Summer of '42 (4 stars) Set against the backdrop of World War II, the 1971 film centers on a trio of teenage pals (Gary Grimes, Jerry Houser and Oliver Conant) who awkwardly attempt to woo the local ladies on Nantucket Island. Two buddies chase after women their own age, while the other (Grimes) slowly befriends an older woman (Jennifer O'Neill) who's waiting patiently for her husband to return home from the war. But when tragedy strikes, their lives are forever changed. Elevated by powerful performances and dialogue, Summer of '42 is a heartwarming coming-of-age tale that wears its near five-decade age remarkably well.
Rated PG, 104 minutes.
Battle Cry (4 stars) This sprawling 1995 war drama focuses on the personal lives of the young men trained to enter combat. From boot campy to active duty in the Pacific (a part of WWII that's not explored enough), the plot underlines the trials and tribulations of several Marines, their love lives and the transition to the war scene.

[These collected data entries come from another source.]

section \<open>Sides of the eigenvalue polygon\<close>

lemma face_of_convex_sum_support:
  fixes v :: "'i \<Rightarrow> 'a::real_vector"
  assumes T: "T face_of C" and "convex C" and "finite I"
    and p: "\<And>l. l \<in> I \<Longrightarrow> p l \<ge> 0" "sum p I = 1"
    and v: "\<And>l. l \<in> I \<Longrightarrow> v l \<in> C"
    and w: "(\<Sum>l\<in>I. p l *\<^sub>R v l) \<in> T" and "j \<in> I" "p j > 0"
  shows "v j \<in> T"
proof -
  define q where "q = p j"
  define J where "J = I - {j}"
  have "finite J" and pJ: "\<And>l. l \<in> J \<Longrightarrow> p l \<ge> 0"
    using \<open>finite I\<close> p(1) by (auto simp: J_def)
  have sum_J: "sum p J = 1 - q"
    using sum.remove[OF \<open>finite I\<close> \<open>j \<in> I\<close>, of p] p(2) by (simp add: J_def q_def)
  have w_split: "(\<Sum>l\<in>I. p l *\<^sub>R v l) = q *\<^sub>R v j + (\<Sum>l\<in>J. p l *\<^sub>R v l)"
    using sum.remove[OF \<open>finite I\<close> \<open>j \<in> I\<close>] by (simp add: J_def q_def)
  show ?thesis
  proof (cases "q = 1")
    case True
    then have "\<forall>l\<in>J. p l = 0"
      using sum_J sum_nonneg_eq_0_iff[OF \<open>finite J\<close>] pJ by auto
    then show ?thesis
      using w w_split True by simp
  next
    case False
    with sum_J have "q < 1"
      using sum_nonneg[of J p] pJ by force
    \<comment> \<open>the sum lies on the segment from \<open>v j\<close> to the renormalised rest \<open>u \<in> C\<close>\<close>
    define u where "u = (\<Sum>l\<in>J. (p l / (1 - q)) *\<^sub>R v l)"
    have "u \<in> C"
      unfolding u_def using \<open>convex C\<close> \<open>finite J\<close> \<open>q < 1\<close> sum_J pJ v
      by (intro convex_sum) (auto simp: J_def simp flip: sum_divide_distrib)
    have "(1 - q) *\<^sub>R u = (\<Sum>l\<in>J. p l *\<^sub>R v l)"
      unfolding u_def scaleR_sum_right using \<open>q < 1\<close> by (intro sum.cong) auto
    then have w_seg: "(\<Sum>l\<in>I. p l *\<^sub>R v l) = (1 - q) *\<^sub>R u + q *\<^sub>R v j"
      using w_split by simp
    show ?thesis
    proof (cases "u = v j")
      case True
      then show ?thesis
        using w w_seg by (simp flip: scaleR_add_left)
    next
      case False
      with \<open>q < 1\<close> \<open>p j > 0\<close> have "(\<Sum>l\<in>I. p l *\<^sub>R v l) \<in> open_segment u (v j)"
        unfolding w_seg in_segment q_def by auto
      then show ?thesis
        using face_ofD[OF T _ \<open>u \<in> C\<close> v[OF \<open>j \<in> I\<close>] w] by blast
    qed
  qed
qed
text \<open>Generalise the Gaussian weight q^(k^2) to q^(k^2 + j k); the theorem is the case j = 0, 1.
  Multiplied by (q)_m (q)_n, the left-hand side becomes the finite sum
  B(m,n,j) = sum_k q^(k^2 + j k) (q)_k [m,k] [n,k] of q-binomial coefficients, and the q-Pascal
  rules give B(m+1,n+1,j) = B(m,n+1,j) + q^(j+m+1) (1 - q^(n+1)) B(m,n,j+1), with B = 1 when m = 0 or
  n = 0. The series on the right-hand side satisfies the same recurrence termwise, and for m = 0 or
  n = 0 it reduces to sum_k q^(k^2 + j k) / ((q)_k (q)_(k+j)) = 1/(q)_inf. This Durfee-type identity is
  the limit N -> inf of its finite form sum_k q^(k^2 + j k) [N,k] / (q)_(k+j) = 1/(q)_(N+j), itself
  proved by induction on N with q-Pascal.\<close>

lemma qpoch_0 [simp]: "qpoch q 0 = 1"
  by (simp add: qpoch_def)

lemma qpoch_Suc: "qpoch q (Suc n) = qpoch q n * (1 - q ^ Suc n)"
  by (simp add: qpoch_def prod.nat_ivl_Suc')

lemma qpoch_eq_prod_lessThan: "qpoch q n = (\<Prod>i<n. 1 - q ^ Suc i)"
  by (induction n) (simp_all add: qpoch_Suc lessThan_Suc mult.commute)

lemma qpoch_nonzero:
  assumes "norm q < 1"
  shows "qpoch q n \<noteq> 0"
proof -
  have "norm (q ^ Suc i) < 1" for i
    using assms by (simp add: norm_power power_less_one_iff del: power_Suc)
  then have "1 - q ^ Suc i \<noteq> 0" for i
    by (metis norm_one right_minus_eq order.irrefl)
  then show ?thesis
    by (simp add: qpoch_eq_prod_lessThan)
qed

lemma qpoch_inv_diff:
  "qpoch_inv q (int n - int k) = (if k \<le> n then 1 / qpoch q (n - k) else 0)"
  by (simp add: qpoch_inv_def of_nat_diff[symmetric] del: of_nat_diff)

definition qbinom :: "complex \<Rightarrow> nat \<Rightarrow> nat \<Rightarrow> complex" where
  "qbinom q n k = (if k \<le> n then qpoch q n / (qpoch q k * qpoch q (n - k)) else 0)"

lemma qbinom_eq_0 [simp]: "n < k \<Longrightarrow> qbinom q n k = 0"
  by (simp add: qbinom_def)

definition qbinom_pair_sum :: "complex \<Rightarrow> nat \<Rightarrow> nat \<Rightarrow> nat \<Rightarrow> complex" where
  "qbinom_pair_sum q m n j = (\<Sum>k\<le>m. q ^ (k\<^sup>2 + j * k) * qpoch q k * qbinom q m k * qbinom q n k)"

definition durfee_term :: "complex \<Rightarrow> nat \<Rightarrow> nat \<Rightarrow> nat \<Rightarrow> nat \<Rightarrow> complex" where
  "durfee_term q m n j k = q ^ (k\<^sup>2 + j * k) * qpoch q (m + n + k + j)
     / (qpoch q k * qpoch q (m + k + j) * qpoch q (n + k + j))"

context
  fixes q :: complex
  assumes qpoch_nz: "\<And>n. qpoch q n \<noteq> 0"
begin

lemma one_minus_power_Suc_nonzero: "1 - q ^ Suc n \<noteq> 0"
  using qpoch_nz[of "Suc n"] by (simp add: qpoch_Suc del: power_Suc)

lemma qbinom_0_right [simp]: "qbinom q n 0 = 1"
  using qpoch_nz by (simp add: qbinom_def)

lemma qbinom_same [simp]: "qbinom q n n = 1"
  using qpoch_nz by (simp add: qbinom_def)

lemma qpoch_inv_diff_eq_qbinom:
  "qpoch_inv q (int n - int k) = qpoch q k * qbinom q n k / qpoch q n"
  using qpoch_nz by (simp add: qpoch_inv_diff qbinom_def)

lemma qpoch_mult_qbinom_Suc:
  "qpoch q (Suc k) * qbinom q (Suc n) (Suc k) = (1 - q ^ Suc n) * (qpoch q k * qbinom q n k)"
  using qpoch_nz one_minus_power_Suc_nonzero[of k]
  by (simp add: qbinom_def qpoch_Suc del: power_Suc)

lemma nat_less_eq_or_gap_cases:
  fixes n k :: nat
  obtains "n < k" | "k = n" | d where "n = k + Suc d"
  by (metis add_Suc_right less_imp_Suc_add linorder_neqE_nat)
lemma void_prob_le_exp_neg_mean:
  assumes simple: "simple_pp M \<Phi>" and fact2: "radon_fact2 M \<Phi>"
    and neg: "\<And>B1 B2. bdd_borel B1 \<Longrightarrow> bdd_borel B2 \<Longrightarrow> B1 \<inter> B2 = {} \<Longrightarrow>
      void_prob2 M \<Phi> B1 B2 \<le> void_prob M \<Phi> B1 * void_prob M \<Phi> B2"
    and B: "bdd_borel B"
  shows "void_prob M \<Phi> B \<le> exp (- \<alpha> B)"
proof -
  define \<rho> where "\<rho> n = inverse (real (Suc n))" for n
  have \<rho>: "\<rho> \<longlonglongrightarrow> 0" "\<And>n. 0 < \<rho> n"
    unfolding \<rho>_def by (rule LIMSEQ_inverse_real_of_nat) simp
  define mesh_le :: "nat \<Rightarrow> nat \<Rightarrow> (nat \<Rightarrow> 'a set) \<Rightarrow> (nat \<Rightarrow> 'a) \<Rightarrow> bool"
    where "mesh_le n k P c \<longleftrightarrow> (\<forall>i<k. bdd_borel (P i)) \<and> disjoint_family_on P {..<k}
      \<and> (\<Union>i<k. P i) = B \<and> (\<forall>i<k. P i \<subseteq> ball (c i) (\<rho> n / 2))" for n k P c
  have "\<exists>k P c. mesh_le n k P c" for n
  proof -
    have "\<And>x::'a. 0 < \<rho> n / 2" using \<rho>(2) by simp
    then obtain k :: nat and P c where "\<And>i. i < k \<Longrightarrow> bdd_borel (P i)" "disjoint_family_on P {..<k}"
      "(\<Union>i<k. P i) = B" "\<And>i. i < k \<Longrightarrow> P i \<subseteq> ball (c i) (\<rho> n / 2)"
      by (rule bdd_borel_partition_small[OF B]) (rule that)
    then show ?thesis unfolding mesh_le_def by blast
  qed
  then obtain K P c where "mesh_le n (K n) (P n) (c n)" for n
    by metis
  then have P: "\<And>n i. i < K n \<Longrightarrow> bdd_borel (P n i)" "\<And>n. disjoint_family_on (P n) {..<K n}"
      "\<And>n. (\<Union>i<K n. P n i) = B" "\<And>n i. i < K n \<Longrightarrow> P n i \<subseteq> B \<inter> ball (c n i) (\<rho> n / 2)"
    unfolding mesh_le_def by blast+
  define err where "err n \<omega> = (\<Sum>i<K n. N (P n i) \<omega> * (N (P n i) \<omega> - 1))" for n \<omega>
  have err_lim: "(\<lambda>n. \<integral>\<omega>. err n \<omega> \<partial>M) \<longlonglongrightarrow> (\<integral>\<omega>. 0 \<partial>M)"
  proof (rule integral_dominated_convergence[where w = "\<lambda>\<omega>. N B \<omega> * (N B \<omega> - 1)"])
    show "AE \<omega> in M. (\<lambda>n. err n \<omega>) \<longlonglongrightarrow> 0"
      using simple[unfolded simple_pp_def] AE_space
    proof eventually_elim
      case (elim \<omega>)
      have "finite (pp_supp \<Phi> \<omega> B)" using elim B by (auto intro: finite_pp_supp simp: bdd_borel_def)
      then have "eventually (\<lambda>n. \<forall>i<K n. pp_count \<Phi> \<omega> (P n i) \<le> 1) sequentially"
        by (rule eventually_pieces_pp_count_le_1[OF _ _ \<rho>(1) P(4)]) (use elim in simp)
      then have "eventually (\<lambda>n. err n \<omega> = 0) sequentially"
      proof eventually_elim
        case (elim n)
        have "N (P n i) \<omega> * (N (P n i) \<omega> - 1) = 0" if "i < K n" for i
          using elim that by (cases "pp_count \<Phi> \<omega> (P n i)") auto
        then show ?case unfolding err_def by (intro sum.neutral) simp
      qed
      then show ?case by (simp add: tendsto_eventually)
    qed
    show "AE \<omega> in M. norm (err n \<omega>) \<le> N B \<omega> * (N B \<omega> - 1)" for n
    proof (rule AE_I2)
      fix \<omega> assume "\<omega> \<in> space M"
      have "0 \<le> real m * (real m - 1)" for m :: nat by (cases m) auto
      then have "0 \<le> err n \<omega>" unfolding err_def by (intro sum_nonneg)
      moreover have "err n \<omega> \<le> N B \<omega> * (N B \<omega> - 1)"
        using factorial2_pieces_le[OF \<open>\<omega> \<in> space M\<close> P(1,2)] by (simp only: err_def P(3))
      ultimately show "norm (err n \<omega>) \<le> N B \<omega> * (N B \<omega> - 1)" by simp
    qed
    show "(\<lambda>\<omega>. 0) \<in> borel_measurable M" by simp
    show "integrable M (\<lambda>\<omega>. N B \<omega> * (N B \<omega> - 1))" using fact2 B by (rule integrable_N_factorial2)
    have "(\<lambda>\<omega>. N (P n i) \<omega> * (N (P n i) \<omega> - 1)) \<in> borel_measurable M" if "i < K n" for n i
      using borel_measurable_pp_count[OF P(1)[OF that], where g = "\<lambda>m. real m * (real m - 1)"] by simp
    then show "err n \<in> borel_measurable M" for n
      unfolding err_def by (intro borel_measurable_sum) simp
  qed
  have bound: "void_prob M \<Phi> B \<le> exp (- \<alpha> B + (\<integral>\<omega>. err n \<omega> \<partial>M))" for n
    using void_prob_le_exp_neg_mean_plus_error[OF neg fact2 P(1,2), of n] by (simp only: P(3) err_def)
  have "(\<lambda>n. exp (- \<alpha> B + (\<integral>\<omega>. err n \<omega> \<partial>M))) \<longlonglongrightarrow> exp (- \<alpha> B + 0)"
    using err_lim by (intro tendsto_intros) simp
  then have "void_prob M \<Phi> B \<le> exp (- \<alpha> B + 0)"
    by (rule LIMSEQ_le_const) (use bound in blast)
  then show ?thesis by simp
qed
(* Let $(A,E)$ be the direct producted noncommutative probability space over $D_N$ of noncommutative probability spaces $(A_1,\varphi_1),\dots,(A_N,\varphi_N)$. Let $i\neq j$ in $\{1,\dots,N\}$, $a_i\in A_i$, $a_j\in A_j$, and let $e_i\in A$ be the tuple with $a_i$ in the $i$-th coordinate and $0$ elsewhere, and $e_j\in A$ the tuple with $a_j$ in the $j$-th coordinate and $0$ elsewhere. Then $e_i$ and $e_j$ are free over $D_N$ in $(A,E)$.
   Context: Each $(A_j,\varphi_j)$ is a unital complex algebra with a linear functional. $A=\times_{j=1}^N A_j$ with componentwise operations; $D_N=\mathbb{C}^N$ with componentwise operations, identified with the central subalgebra $\{(\alpha_1 1,\dots,\alpha_N 1)\}$ of $A$; $E((a_1,\dots,a_N))=(\varphi_1(a_1),\dots,\varphi_N(a_N))$. $D_N$-valued cumulants: $k_n(y_1,\dots,y_n)=\sum_{\pi\in NC(n)}\prod_{V\in\pi}E(\prod_{l\in V}y_l)\,\mu(\pi,1_n)$. Elements are free over $D_N$ if all mixed $D_N$-valued cumulants of elements of the algebras they generate together with $D_N$ vanish. *)

theory Defs
  imports Complex_Main
begin

class cplx_algebra_1 = ring_1 +
  fixes scaleC :: "complex \<Rightarrow> 'a \<Rightarrow> 'a"
  assumes scaleC_add_right: "scaleC c (x + y) = scaleC c x + scaleC c y"
    and scaleC_add_left: "scaleC (c + d) x = scaleC c x + scaleC d x"
    and scaleC_scaleC: "scaleC c (scaleC d x) = scaleC (c * d) x"
    and scaleC_one: "scaleC 1 x = x"
    and mult_scaleC_left: "scaleC c x * y = scaleC c (x * y)"
    and mult_scaleC_right: "x * scaleC c y = scaleC c (x * y)"

text \<open>The algebras A_j are modelled as unital subalgebras (carriers) of a common
  ambient unital complex algebra; (A_j, phi_j) is a noncommutative probability space.\<close>
definition ncps :: "'a::cplx_algebra_1 set \<Rightarrow> ('a \<Rightarrow> complex) \<Rightarrow> bool" where
  "ncps A \<phi> \<longleftrightarrow>
     1 \<in> A \<and>
     (\<forall>x\<in>A. \<forall>y\<in>A. x + y \<in> A \<and> x * y \<in> A) \<and>
     (\<forall>c. \<forall>x\<in>A. scaleC c x \<in> A) \<and>
     (\<forall>x\<in>A. \<forall>y\<in>A. \<phi> (x + y) = \<phi> x + \<phi> y) \<and>
     (\<forall>c. \<forall>x\<in>A. \<phi> (scaleC c x) = c * \<phi> x) \<and>
     \<phi> 1 = 1"

text \<open>Elements of A = A_0 x ... x A_(N-1) are functions nat => 'a (coordinates
  j < N, zero for j >= N); elements of D_N = C^N are functions nat => complex
  (zero for j >= N).\<close>

definition prodA :: "nat \<Rightarrow> (nat \<Rightarrow> 'a::cplx_algebra_1 set) \<Rightarrow> (nat \<Rightarrow> 'a) set" where
  "prodA N A = {x. (\<forall>j<N. x j \<in> A j) \<and> (\<forall>j. N \<le> j \<longrightarrow> x j = 0)}"

definition dn :: "nat \<Rightarrow> (nat \<Rightarrow> complex) \<Rightarrow> nat \<Rightarrow> 'a::cplx_algebra_1" where
  "dn N \<alpha> = (\<lambda>m. if m < N then scaleC (\<alpha> m) 1 else 0)"

definition condE :: "nat \<Rightarrow> (nat \<Rightarrow> 'a::cplx_algebra_1 \<Rightarrow> complex) \<Rightarrow> (nat \<Rightarrow> 'a) \<Rightarrow> nat \<Rightarrow> complex" where
  "condE N \<phi> x = (\<lambda>m. if m < N then \<phi> m (x m) else 0)"

definition single :: "nat \<Rightarrow> 'a::cplx_algebra_1 \<Rightarrow> nat \<Rightarrow> 'a" where
  "single i a = (\<lambda>m. if m = i then a else 0)"

definition is_partition :: "nat set set \<Rightarrow> nat set \<Rightarrow> bool" where
  "is_partition P S \<longleftrightarrow>
     (\<forall>V\<in>P. V \<noteq> {} \<and> V \<subseteq> S) \<and> (\<forall>V\<in>P. \<forall>W\<in>P. V \<noteq> W \<longrightarrow> V \<inter> W = {}) \<and> \<Union>P = S"

definition noncrossing :: "nat set set \<Rightarrow> bool" where
  "noncrossing P \<longleftrightarrow>
     (\<forall>V\<in>P. \<forall>W\<in>P. V \<noteq> W \<longrightarrow>
        \<not> (\<exists>a b c d. a < b \<and> b < c \<and> c < d \<and> a \<in> V \<and> c \<in> V \<and> b \<in> W \<and> d \<in> W))"

definition NC :: "nat \<Rightarrow> nat set set set" where
  "NC n = {P. is_partition P {0..<n} \<and> noncrossing P}"

definition refines :: "nat set set \<Rightarrow> nat set set \<Rightarrow> bool" where
  "refines P Q \<longleftrightarrow> (\<forall>V\<in>P. \<exists>W\<in>Q. V \<subseteq> W)"

definition one_part :: "nat \<Rightarrow> nat set set" where
  "one_part n = {{0..<n}}"

definition mobius :: "'p set \<Rightarrow> ('p \<Rightarrow> 'p \<Rightarrow> bool) \<Rightarrow> 'p \<Rightarrow> 'p \<Rightarrow> int" where
  "mobius P le = (THE \<mu>.
      (\<forall>x\<in>P. \<forall>y\<in>P. if le x y
           then (\<Sum>z\<in>{z\<in>P. le x z \<and> le z y}. \<mu> x z) = (if x = y then 1 else 0)
           else \<mu> x y = 0) \<and>
      (\<forall>x y. x \<notin> P \<or> y \<notin> P \<longrightarrow> \<mu> x y = 0))"

definition blockprod :: "(nat \<Rightarrow> nat \<Rightarrow> 'a::cplx_algebra_1) \<Rightarrow> nat set \<Rightarrow> nat \<Rightarrow> 'a" where
  "blockprod y V = (\<lambda>m. prod_list (map (\<lambda>l. y l m) (sorted_list_of_set V)))"

definition cumulant :: "nat \<Rightarrow> (nat \<Rightarrow> 'a::cplx_algebra_1 \<Rightarrow> complex) \<Rightarrow> nat
     \<Rightarrow> (nat \<Rightarrow> nat \<Rightarrow> 'a) \<Rightarrow> nat \<Rightarrow> complex" where
  "cumulant N \<phi> n y = (\<lambda>m. \<Sum>\<pi>\<in>NC n.
      (\<Prod>V\<in>\<pi>. condE N \<phi> (blockprod y V) m) * of_int (mobius (NC n) refines \<pi> (one_part n)))"

inductive_set gen_alg :: "nat \<Rightarrow> (nat \<Rightarrow> 'a::cplx_algebra_1) set \<Rightarrow> (nat \<Rightarrow> 'a) set"
  for N :: nat and S :: "(nat \<Rightarrow> 'a) set" where
  base: "x \<in> S \<Longrightarrow> x \<in> gen_alg N S"
| scal: "dn N \<alpha> \<in> gen_alg N S"
| add: "x \<in> gen_alg N S \<Longrightarrow> y \<in> gen_alg N S \<Longrightarrow> (\<lambda>m. x m + y m) \<in> gen_alg N S"
| mult: "x \<in> gen_alg N S \<Longrightarrow> y \<in> gen_alg N S \<Longrightarrow> (\<lambda>m. x m * y m) \<in> gen_alg N S"

definition free_algs :: "nat \<Rightarrow> (nat \<Rightarrow> 'a::cplx_algebra_1 \<Rightarrow> complex) \<Rightarrow> 'i set
     \<Rightarrow> ('i \<Rightarrow> (nat \<Rightarrow> 'a) set) \<Rightarrow> bool" where
  "free_algs N \<phi> I B \<longleftrightarrow>
     (\<forall>n c y. (\<forall>l<n. c l \<in> I \<and> y l \<in> B (c l)) \<and> (\<exists>l<n. \<exists>l'<n. c l \<noteq> c l')
        \<longrightarrow> cumulant N \<phi> n y = (\<lambda>_. 0))"

definition free_elems :: "nat \<Rightarrow> (nat \<Rightarrow> 'a::cplx_algebra_1 \<Rightarrow> complex) \<Rightarrow> 'i set
     \<Rightarrow> ('i \<Rightarrow> nat \<Rightarrow> 'a) \<Rightarrow> bool" where
  "free_elems N \<phi> I x \<longleftrightarrow> free_algs N \<phi> I (\<lambda>k. gen_alg N {x k})"

end

theory Submission
  imports Defs
begin

text \<open>In every coordinate \<open>m < N\<close> at least one of \<open>e\<^sub>i\<close>, \<open>e\<^sub>j\<close> is a scalar, and then so is
  every element of the algebra it generates together with \<open>D\<^sub>N\<close>. A mixed \<open>D\<^sub>N\<close>-valued cumulant is
  therefore, coordinatewise, a scalar free cumulant with a scalar entry at some position \<open>l\<close>, and
  these vanish: the moment functional does not change when \<open>l\<close> is split off as a singleton block,
  while by Moebius inversion \<open>\<mu>(-, 1\<^sub>n)\<close> sums to zero over every fibre of this splitting map on
  \<open>NC(n)\<close>. In coordinates \<open>m \<ge> N\<close> the expectation is zero anyway.\<close>

section \<open>Moebius functions of finite posets\<close>

definition finite_poset :: "'p set \<Rightarrow> ('p \<Rightarrow> 'p \<Rightarrow> bool) \<Rightarrow> bool" where
  "finite_poset P le \<longleftrightarrow> finite P \<and> (\<forall>x\<in>P. le x x) \<and>
     (\<forall>x\<in>P. \<forall>y\<in>P. \<forall>z\<in>P. le x y \<longrightarrow> le y z \<longrightarrow> le x z) \<and>
     (\<forall>x\<in>P. \<forall>y\<in>P. le x y \<longrightarrow> le y x \<longrightarrow> x = y)"

definition is_mobius :: "'p set \<Rightarrow> ('p \<Rightarrow> 'p \<Rightarrow> bool) \<Rightarrow> ('p \<Rightarrow> 'p \<Rightarrow> int) \<Rightarrow> bool" where
  "is_mobius P le \<mu> \<longleftrightarrow>
      (\<forall>x\<in>P. \<forall>y\<in>P. if le x y
           then (\<Sum>z\<in>{z\<in>P. le x z \<and> le z y}. \<mu> x z) = (if x = y then 1 else 0)
           else \<mu> x y = 0) \<and>
      (\<forall>x y. x \<notin> P \<or> y \<notin> P \<longrightarrow> \<mu> x y = 0)"

lemma finite_posetD:
  assumes "finite_poset P le"
  shows "finite P" "\<And>x. x \<in> P \<Longrightarrow> le x x"
    "\<And>x y z. x \<in> P \<Longrightarrow> y \<in> P \<Longrightarrow> z \<in> P \<Longrightarrow> le x y \<Longrightarrow> le y z \<Longrightarrow> le x z"
    "\<And>x y. x \<in> P \<Longrightarrow> y \<in> P \<Longrightarrow> le x y \<Longrightarrow> le y x \<Longrightarrow> x = y"
  using assms unfolding finite_poset_def by blast+

lemma finite_poset_subset: "finite_poset P le \<Longrightarrow> Q \<subseteq> P \<Longrightarrow> finite_poset Q le"
  unfolding finite_poset_def by (meson finite_subset subsetD)

lemma finite_poset_dual: "finite_poset P le \<Longrightarrow> finite_poset P (\<lambda>x y. le y x)"
  unfolding finite_poset_def by blast

lemma finite_poset_induct [consumes 2, case_names less]:
  assumes po: "finite_poset P le" and "x \<in> P"
    and step: "\<And>x. x \<in> P \<Longrightarrow> (\<And>z. z \<in> P \<Longrightarrow> le z x \<Longrightarrow> z \<noteq> x \<Longrightarrow> Q z) \<Longrightarrow> Q x"
  shows "Q x"
  using \<open>x \<in> P\<close>
proof (induction "card {w\<in>P. le w x}" arbitrary: x rule: less_induct)
  case less
  show ?case
  proof (rule step[OF less.prems])
    fix z assume z: "z \<in> P" "le z x" "z \<noteq> x"
    have "{w\<in>P. le w z} \<subset> {w\<in>P. le w x}"
      using finite_posetD(2-4)[OF po] z less.prems by blast
    then have "card {w\<in>P. le w z} < card {w\<in>P. le w x}"
      using finite_posetD(1)[OF po] by (simp add: psubset_card_mono)
    then show "Q z" using less.hyps z(1) by blast
  qed
qed

lemma finite_poset_induct_dual [consumes 2, case_names greater]:
  assumes "finite_poset P le" and "x \<in> P"
    and "\<And>x. x \<in> P \<Longrightarrow> (\<And>z. z \<in> P \<Longrightarrow> le x z \<Longrightarrow> z \<noteq> x \<Longrightarrow> Q z) \<Longrightarrow> Q x"
  shows "Q x"
  using finite_poset_induct[OF finite_poset_dual[OF assms(1)] assms(2)] assms(3) by blast

lemma sum_interval_remove_top:
  assumes po: "finite_poset P le" and "y \<in> P" "le x y"
  shows "(\<Sum>z\<in>{z\<in>P. le x z \<and> le z y}. g z) = g y + (\<Sum>z\<in>{z\<in>P. le x z \<and> le z y \<and> z \<noteq> y}. g z)"
proof -
  have "{z\<in>P. le x z \<and> le z y} = insert y {z\<in>P. le x z \<and> le z y \<and> z \<noteq> y}"
    using assms finite_posetD(2)[OF po] by blast
  then show ?thesis using finite_posetD(1)[OF po] by simp
qed

lemma is_mobiusD:
  assumes "is_mobius P le m" "x \<in> P" "y \<in> P" "le x y"
  shows "(\<Sum>z\<in>{z\<in>P. le x z \<and> le z y}. m x z) = (if x = y then 1 else 0)"
  using assms unfolding is_mobius_def by metis

lemma is_mobius_rec:
  assumes po: "finite_poset P le" and m: "is_mobius P le m"
    and "x \<in> P" "y \<in> P" "le x y"
  shows "m x y = (if x = y then 1 else 0) - (\<Sum>z\<in>{z\<in>P. le x z \<and> le z y \<and> z \<noteq> y}. m x z)"
  using is_mobiusD[OF m assms(3-5)] sum_interval_remove_top[OF po assms(4,5), of "m x"] by simp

Compared to most films of its genre, Battle Cry concerns itself more on character development and camaraderie than epic scenes of battle. It's a memorable entry worth adding to your collection.
Not rated, 148 minutes.
Extras: The Warner Archive Collection releases (available now on WBshop.com) only include trailers.
Woodshock (2 stars) A24 is a distribution studio that always has my attention. A24 has created some of today's most innovative films, including this year's The Florida Project and Lady Bird. But Woodshock, starring Kirsten Dunst, is a film that lacks a pulse and the proper story growth to keep one invested. The hazy visual look and lush colorization are as hypnotic as its story about a woman who falls into paranoia after taking a deadly drug. Sadly, the rest is a failed experiment.
Rated R, 100 minutes.
Extras: The Lionsgate Home Entertainment release includes only a making-of featurette. It could have greatly benefited from an audio commentary -- because if there's anything more interesting than the movie itself, it's how sibling filmmakers Kate and Laura Mulleavy talk about it.
The Defiant Ones (3.5 stars) This four-part miniseries may be surface-level documentary filmmaking, but it still manages to assemble an intoxicating look at the music industry and corporate power. Uniquely framed through the partnership between record moguls Dr. Dre and Jimmy Iovine, The Defiant Ones brings together a knowledgeable and talented group of artists (Eminem, Ice Cube and Snoop Dog, to name a few) to peel back the layers of fame and study how art can shape the world for the better.
Not rated, about 261 minutes.
Also available this week
Acts of Vengeance, Gilmore Girls: A Year in a Life (a weak retour of Stars Hollow), I Do ... Until I Don't (a soft recommendation), Logan Lucky (a super-funny heist movie), Lost in Paris, M.F.A., Rememory, Tulip Fever and Super Dark Times (aesthetically pleasing, but thematically dull).